§ **Exercise input**
(* Let $T\in\mathbb{R}^{n\times n\times n}$ with trilinear form $f(x,y,z)=\sum_{i,j,k}T_{ijk}x_iy_jz_k$ and $z$-slices $Z_1,\dots,Z_n$. Then $f$ can be written $f(x,y,z)=g(Ax,By,Cz)$ with $A,B\in M_n(\mathbb{R})$ orthogonal, $C\in M_n(\mathbb{R})$ arbitrary, and $g(x,y,z)=\sum_{i=1}^n\alpha_ix_iy_iz_i$ ($\alpha_i\in\mathbb{R}$), if and only if the matrices $Z_kZ_l^T$ and $Z_k^TZ_l$ are symmetric for all $k,l\in\{1,\dots,n\}$.
   Context: The $z$-slices of $T$ are the matrices $Z_k=(T_{ijk})_{1\le i,j\le n}$, i.e. the matrices of the bilinear forms $\partial f/\partial z_k$ in $(x,y)$. A real matrix $A$ is orthogonal if $A^TA=\mathrm{Id}$. *)

theory Defs
  imports "HOL-Analysis.Analysis"
begin

definition trilinear_form :: "('n::finite \<Rightarrow> 'n \<Rightarrow> 'n \<Rightarrow> real) \<Rightarrow> real^'n \<Rightarrow> real^'n \<Rightarrow> real^'n \<Rightarrow> real" where
  "trilinear_form T x y z = (\<Sum>i\<in>UNIV. \<Sum>j\<in>UNIV. \<Sum>k\<in>UNIV. T i j k * x$i * y$j * z$k)"

definition diag_form :: "('n::finite \<Rightarrow> real) \<Rightarrow> real^'n \<Rightarrow> real^'n \<Rightarrow> real^'n \<Rightarrow> real" where
  "diag_form \<alpha> x y z = (\<Sum>i\<in>UNIV. \<alpha> i * x$i * y$i * z$i)"

definition zslice :: "('n::finite \<Rightarrow> 'n \<Rightarrow> 'n \<Rightarrow> real) \<Rightarrow> 'n \<Rightarrow> real^'n^'n" where
  "zslice T k = (\<chi> i j. T i j k)"

definition symmetric_matrix :: "real^'n^'n \<Rightarrow> bool" where
  "symmetric_matrix M \<longleftrightarrow> transpose M = M"

end

theory Submission
  imports Defs
begin

text \<open>
  The symmetry conditions make the Gram matrices \<open>Z\<^sub>k\<^sup>T Z\<^sub>l\<close> symmetric and pairwise commuting, so
  they have a common unit eigenvector \<open>v\<close>. If some \<open>Z\<^sub>k v \<noteq> 0\<close>, then \<open>u = Z\<^sub>k v / |Z\<^sub>k v|\<close> and \<open>v\<close>
  are singular vectors shared by all slices: \<open>Z\<^sub>l v \<in> \<real>u\<close> and \<open>Z\<^sub>l\<^sup>T u \<in> \<real>v\<close> for every \<open>l\<close>
  (if all \<open>Z\<^sub>k v\<close> vanish, argue with the transposed slices instead). The orthogonal complements of
  \<open>u\<close> and \<open>v\<close> are again mapped into each other by the slices, so induction on the dimension
  yields orthogonal \<open>A\<close>, \<open>B\<close> with all \<open>Z\<^sub>k = A\<^sup>T D\<^sub>k B\<close> for diagonal \<open>D\<^sub>k\<close>; the diagonal entries
  of the \<open>D\<^sub>k\<close> form the matrix \<open>C\<close>. Conversely such a factorisation gives
  \<open>Z\<^sub>k Z\<^sub>l\<^sup>T = A\<^sup>T D\<^sub>k D\<^sub>l A\<close> and \<open>Z\<^sub>k\<^sup>T Z\<^sub>l = B\<^sup>T D\<^sub>k D\<^sub>l B\<close>, which are symmetric.
\<close>

lemma quadratic_nonpos_imp_linear_coeff_eq_0:
  fixes b c :: real
  assumes "\<And>t. 2 * t * b + t\<^sup>2 * c \<le> 0"
  shows "b = 0"
proof -
  define K where "K = \<bar>c\<bar> + 1"
  have "K > 0" and "2 * K + c > 0"
    unfolding K_def by (simp_all add: abs_if)
  have "2 * (b / K) * b + (b / K)\<^sup>2 * c = b\<^sup>2 * (2 * K + c) / K\<^sup>2"
    using \<open>K > 0\<close> by (simp add: field_simps power2_eq_square)
  with assms[of "b / K"] have "b\<^sup>2 * (2 * K + c) / K\<^sup>2 \<le> 0"
    by simp
  with \<open>K > 0\<close> \<open>2 * K + c > 0\<close> have "b\<^sup>2 \<le> 0"
    by (simp add: divide_le_0_iff mult_le_0_iff)
  then show ?thesis
    by simp
qed

lemma rayleigh_maximizer_is_eigenvector:
  fixes M :: "'a::euclidean_space \<Rightarrow> 'a"
  assumes lin: "linear M" and sym: "\<And>x y. x \<bullet> M y = M x \<bullet> y"
    and W: "subspace W" and inv: "\<And>x. x \<in> W \<Longrightarrow> M x \<in> W"
    and w: "w \<in> W" "norm w = 1"
    and max: "\<And>x. x \<in> W \<Longrightarrow> x \<bullet> M x \<le> (w \<bullet> M w) * (x \<bullet> x)"
  shows "M w = (w \<bullet> M w) *\<^sub>R w"
proof -
  define c where "c = w \<bullet> M w"
  define h where "h = M w - c *\<^sub>R w"
  have "h \<in> W"
    unfolding h_def using w inv W by (simp add: subspace_diff subspace_scale)
  have ww: "w \<bullet> w = 1"
    using w by (simp add: dot_square_norm)
  have hh: "h \<bullet> h = h \<bullet> M w - c * (h \<bullet> w)"
    unfolding h_def by (simp add: inner_diff_left inner_diff_right algebra_simps)
  \<comment> \<open>perturbing the maximizer along \<open>h\<close> must not increase the Rayleigh quotient\<close>
  have "2 * t * (h \<bullet> h) + t\<^sup>2 * (h \<bullet> M h - c * (h \<bullet> h)) \<le> 0" for t
  proof -
    have "w + t *\<^sub>R h \<in> W"
      using w \<open>h \<in> W\<close> W by (simp add: subspace_add subspace_scale)
    then have le: "(w + t *\<^sub>R h) \<bullet> M (w + t *\<^sub>R h) \<le> c * ((w + t *\<^sub>R h) \<bullet> (w + t *\<^sub>R h))"
      unfolding c_def by (rule max)
    have "(w + t *\<^sub>R h) \<bullet> M (w + t *\<^sub>R h) = c + 2 * t * (h \<bullet> M w) + t\<^sup>2 * (h \<bullet> M h)"
      using sym[of h w] c_def
      by (simp add: linear_add[OF lin] linear_scale[OF lin] inner_add_left inner_add_right
          inner_commute[of w "M h"] power2_eq_square algebra_simps)
    moreover have "(w + t *\<^sub>R h) \<bullet> (w + t *\<^sub>R h) = 1 + 2 * t * (h \<bullet> w) + t\<^sup>2 * (h \<bullet> h)"
      using ww by (simp add: inner_add_left inner_add_right inner_commute[of w h]
          power2_eq_square algebra_simps)
    ultimately have "c + 2 * t * (h \<bullet> M w) + t\<^sup>2 * (h \<bullet> M h) \<le> c * (1 + 2 * t * (h \<bullet> w) + t\<^sup>2 * (h \<bullet> h))"
      using le by simp
    moreover have "2 * t * (h \<bullet> h) + t\<^sup>2 * (h \<bullet> M h - c * (h \<bullet> h))
        = (c + 2 * t * (h \<bullet> M w) + t\<^sup>2 * (h \<bullet> M h)) - c * (1 + 2 * t * (h \<bullet> w) + t\<^sup>2 * (h \<bullet> h))"
      by (simp add: hh algebra_simps)
    ultimately show ?thesis
      by linarith
  qed
  then have "h \<bullet> h = 0"
    by (rule quadratic_nonpos_imp_linear_coeff_eq_0)
  then show ?thesis
    unfolding h_def c_def by simp
qed

lemma selfadjoint_has_eigenvector_in_invariant_subspace:
  fixes M :: "'a::euclidean_space \<Rightarrow> 'a"
  assumes lin: "linear M" and sym: "\<And>x y. x \<bullet> M y = M x \<bullet> y"
    and W: "subspace W" "W \<noteq> {0}" and inv: "\<And>x. x \<in> W \<Longrightarrow> M x \<in> W"
  obtains w c where "w \<in> W" "norm w = 1" "M w = c *\<^sub>R w"
proof -
  let ?S = "W \<inter> sphere 0 1"
  obtain x0 where x0: "x0 \<in> W" "x0 \<noteq> 0"
    using W subspace_0[OF W(1)] by auto
  then have "x0 /\<^sub>R norm x0 \<in> ?S"
    using W(1) by (simp add: subspace_scale)
  moreover have "compact ?S"
    using W(1) by (simp add: closed_subspace closed_Int_compact)
  moreover have "continuous_on ?S (\<lambda>x. x \<bullet> M x)"
    using lin by (intro continuous_intros linear_continuous_on) (simp add: linear_conv_bounded_linear)
  ultimately obtain w where w: "w \<in> ?S" and wmax: "\<And>y. y \<in> ?S \<Longrightarrow> y \<bullet> M y \<le> w \<bullet> M w"
    using continuous_attains_sup by (metis empty_iff)
  have "x \<bullet> M x \<le> (w \<bullet> M w) * (x \<bullet> x)" if "x \<in> W" for x
  proof (cases "x = 0")
    case True
    then show ?thesis
      by (simp add: linear_0[OF lin])
  next
    case False
    then have "x /\<^sub>R norm x \<in> ?S"
      using that W(1) by (simp add: subspace_scale)
    then have "(x /\<^sub>R norm x) \<bullet> M (x /\<^sub>R norm x) \<le> w \<bullet> M w"
      by (rule wmax)
    then have "(x \<bullet> M x) / (norm x)\<^sup>2 \<le> w \<bullet> M w"
      by (simp add: linear_scale[OF lin] power2_eq_square divide_inverse mult_ac)
    with False show ?thesis
      by (simp add: divide_le_eq power2_norm_eq_inner mult.commute)
  qed
  with w have "M w = (w \<bullet> M w) *\<^sub>R w"
    by (intro rayleigh_maximizer_is_eigenvector[OF lin sym W(1) inv]) auto
  with w show ?thesis
    using that by auto
qed

lemma commuting_selfadjoint_common_eigenvector:
  fixes M :: "'i \<Rightarrow> 'a::euclidean_space \<Rightarrow> 'a"
  assumes lin: "\<And>i. linear (M i)" and sym: "\<And>i x y. x \<bullet> M i y = M i x \<bullet> y"
    and comm: "\<And>i j x. M i (M j x) = M j (M i x)"
    and V: "subspace V" "V \<noteq> {0}" and inv: "\<And>i x. x \<in> V \<Longrightarrow> M i x \<in> V"
  obtains v where "v \<in> V" "norm v = 1" "\<And>i. \<exists>c. M i v = c *\<^sub>R v"
proof -
  define invariant where
    "invariant W \<longleftrightarrow> subspace W \<and> W \<subseteq> V \<and> W \<noteq> {0} \<and> (\<forall>i. \<forall>x\<in>W. M i x \<in> W)" for W
  have "invariant V"
    using V inv unfolding invariant_def by auto
  then obtain W where W: "invariant W" and min: "\<And>W'. invariant W' \<Longrightarrow> dim W \<le> dim W'"
    using ex_has_least_nat[of invariant V dim] by blast
  then have sW: "subspace W" and "W \<subseteq> V" and nz: "W \<noteq> {0}" and iW: "\<And>i x. x \<in> W \<Longrightarrow> M i x \<in> W"
    unfolding invariant_def by auto
  \<comment> \<open>an eigenspace of \<open>M i\<close> inside \<open>W\<close> is invariant under all \<open>M j\<close>, so by minimality it is \<open>W\<close>\<close>
  have "\<exists>c. \<forall>x\<in>W. M i x = c *\<^sub>R x" for i
  proof -
    obtain w c where w: "w \<in> W" "norm w = 1" and wc: "M i w = c *\<^sub>R w"
      using selfadjoint_has_eigenvector_in_invariant_subspace[OF lin sym sW nz iW] .
    define E where "E = {x\<in>W. M i x = c *\<^sub>R x}"
    have sE: "subspace E"
      using sW unfolding E_def subspace_def
      by (auto simp: linear_add[OF lin] linear_scale[OF lin] linear_0[OF lin] scaleR_add_right)
    have "invariant E"
      unfolding invariant_def
    proof (intro conjI allI ballI)
      show "E \<subseteq> V"
        using \<open>W \<subseteq> V\<close> unfolding E_def by auto
      have "w \<in> E" "w \<noteq> 0"
        using w wc unfolding E_def by auto
      then show "E \<noteq> {0}"
        by blast
      show "M j x \<in> E" if "x \<in> E" for j x
        using that iW comm[of i j x] unfolding E_def by (auto simp: linear_scale[OF lin])
    qed (rule sE)
    then have "dim W \<le> dim E"
      by (rule min)
    moreover have "E \<subseteq> W"
      unfolding E_def by auto
    ultimately have "E = W"
      using subspace_dim_equal[OF sE sW] by blast
    then show ?thesis
      unfolding E_def by blast
  qed
  moreover obtain x0 where "x0 \<in> W" "x0 \<noteq> 0"
    using nz subspace_0[OF sW] by auto
  moreover have "x0 /\<^sub>R norm x0 \<in> W"
    using \<open>x0 \<in> W\<close> sW by (simp add: subspace_scale)
  ultimately show ?thesis
    using that[of "x0 /\<^sub>R norm x0"] \<open>W \<subseteq> V\<close> by (metis norm_sgn sgn_div_norm subsetD)
qed

definition symmetric_products :: "('k \<Rightarrow> real^'n^'m) \<Rightarrow> bool" where
  "symmetric_products Z \<longleftrightarrow>
     (\<forall>k l. symmetric_matrix (Z k ** transpose (Z l)) \<and> symmetric_matrix (transpose (Z k) ** Z l))"

lemma symmetric_productsD:
  assumes "symmetric_products Z"
  shows "Z l ** transpose (Z k) = Z k ** transpose (Z l)"
    and "transpose (Z l) ** Z k = transpose (Z k) ** Z l"
  using assms unfolding symmetric_products_def symmetric_matrix_def
  by (metis matrix_transpose_mul transpose_transpose)+

lemma symmetric_products_transpose:
  "symmetric_products (\<lambda>k. transpose (Z k)) \<longleftrightarrow> symmetric_products Z"
  unfolding symmetric_products_def by auto

lemma symmetric_products_swap_outer:
  assumes "symmetric_products Z"
  shows "Z a ** transpose (Z b) ** Z c = Z c ** transpose (Z b) ** Z a"
proof -
  note H = symmetric_productsD[OF assms]
  have "Z a ** transpose (Z b) ** Z c = Z a ** (transpose (Z c) ** Z b)"
    by (metis matrix_mul_assoc H(2))
  also have "\<dots> = Z c ** transpose (Z a) ** Z b"
    by (metis matrix_mul_assoc H(1))
  also have "\<dots> = Z c ** transpose (Z b) ** Z a"
    by (metis matrix_mul_assoc H(2))
  finally show ?thesis .
qed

§ **Task to complete**
Begin at the first line of the material and transcribe each line exactly. End with the line containing "they have a", and give nothing else.

§ **Answer to this problem**
(* Let $T\in\mathbb{R}^{n\times n\times n}$ with trilinear form $f(x,y,z)=\sum_{i,j,k}T_{ijk}x_iy_jz_k$ and $z$-slices $Z_1,\dots,Z_n$. Then $f$ can be written $f(x,y,z)=g(Ax,By,Cz)$ with $A,B\in M_n(\mathbb{R})$ orthogonal, $C\in M_n(\mathbb{R})$ arbitrary, and $g(x,y,z)=\sum_{i=1}^n\alpha_ix_iy_iz_i$ ($\alpha_i\in\mathbb{R}$), if and only if the matrices $Z_kZ_l^T$ and $Z_k^TZ_l$ are symmetric for all $k,l\in\{1,\dots,n\}$.
   Context: The $z$-slices of $T$ are the matrices $Z_k=(T_{ijk})_{1\le i,j\le n}$, i.e. the matrices of the bilinear forms $\partial f/\partial z_k$ in $(x,y)$. A real matrix $A$ is orthogonal if $A^TA=\mathrm{Id}$. *)

theory Defs
  imports "HOL-Analysis.Analysis"
begin

definition trilinear_form :: "('n::finite \<Rightarrow> 'n \<Rightarrow> 'n \<Rightarrow> real) \<Rightarrow> real^'n \<Rightarrow> real^'n \<Rightarrow> real^'n \<Rightarrow> real" where
  "trilinear_form T x y z = (\<Sum>i\<in>UNIV. \<Sum>j\<in>UNIV. \<Sum>k\<in>UNIV. T i j k * x$i * y$j * z$k)"

definition diag_form :: "('n::finite \<Rightarrow> real) \<Rightarrow> real^'n \<Rightarrow> real^'n \<Rightarrow> real^'n \<Rightarrow> real" where
  "diag_form \<alpha> x y z = (\<Sum>i\<in>UNIV. \<alpha> i * x$i * y$i * z$i)"

definition zslice :: "('n::finite \<Rightarrow> 'n \<Rightarrow> 'n \<Rightarrow> real) \<Rightarrow> 'n \<Rightarrow> real^'n^'n" where
  "zslice T k = (\<chi> i j. T i j k)"

definition symmetric_matrix :: "real^'n^'n \<Rightarrow> bool" where
  "symmetric_matrix M \<longleftrightarrow> transpose M = M"

end

theory Submission
  imports Defs
begin

text \<open>
  The symmetry conditions make the Gram matrices \<open>Z\<^sub>k\<^sup>T Z\<^sub>l\<close> symmetric and pairwise commuting, so
  they have a common unit eigenvector \<open>v\<close>. If some \<open>Z\<^sub>k v \<noteq> 0\<close>, then \<open>u = Z\<^sub>k v / |Z\<^sub>k v|\<close> and \<open>v\<close>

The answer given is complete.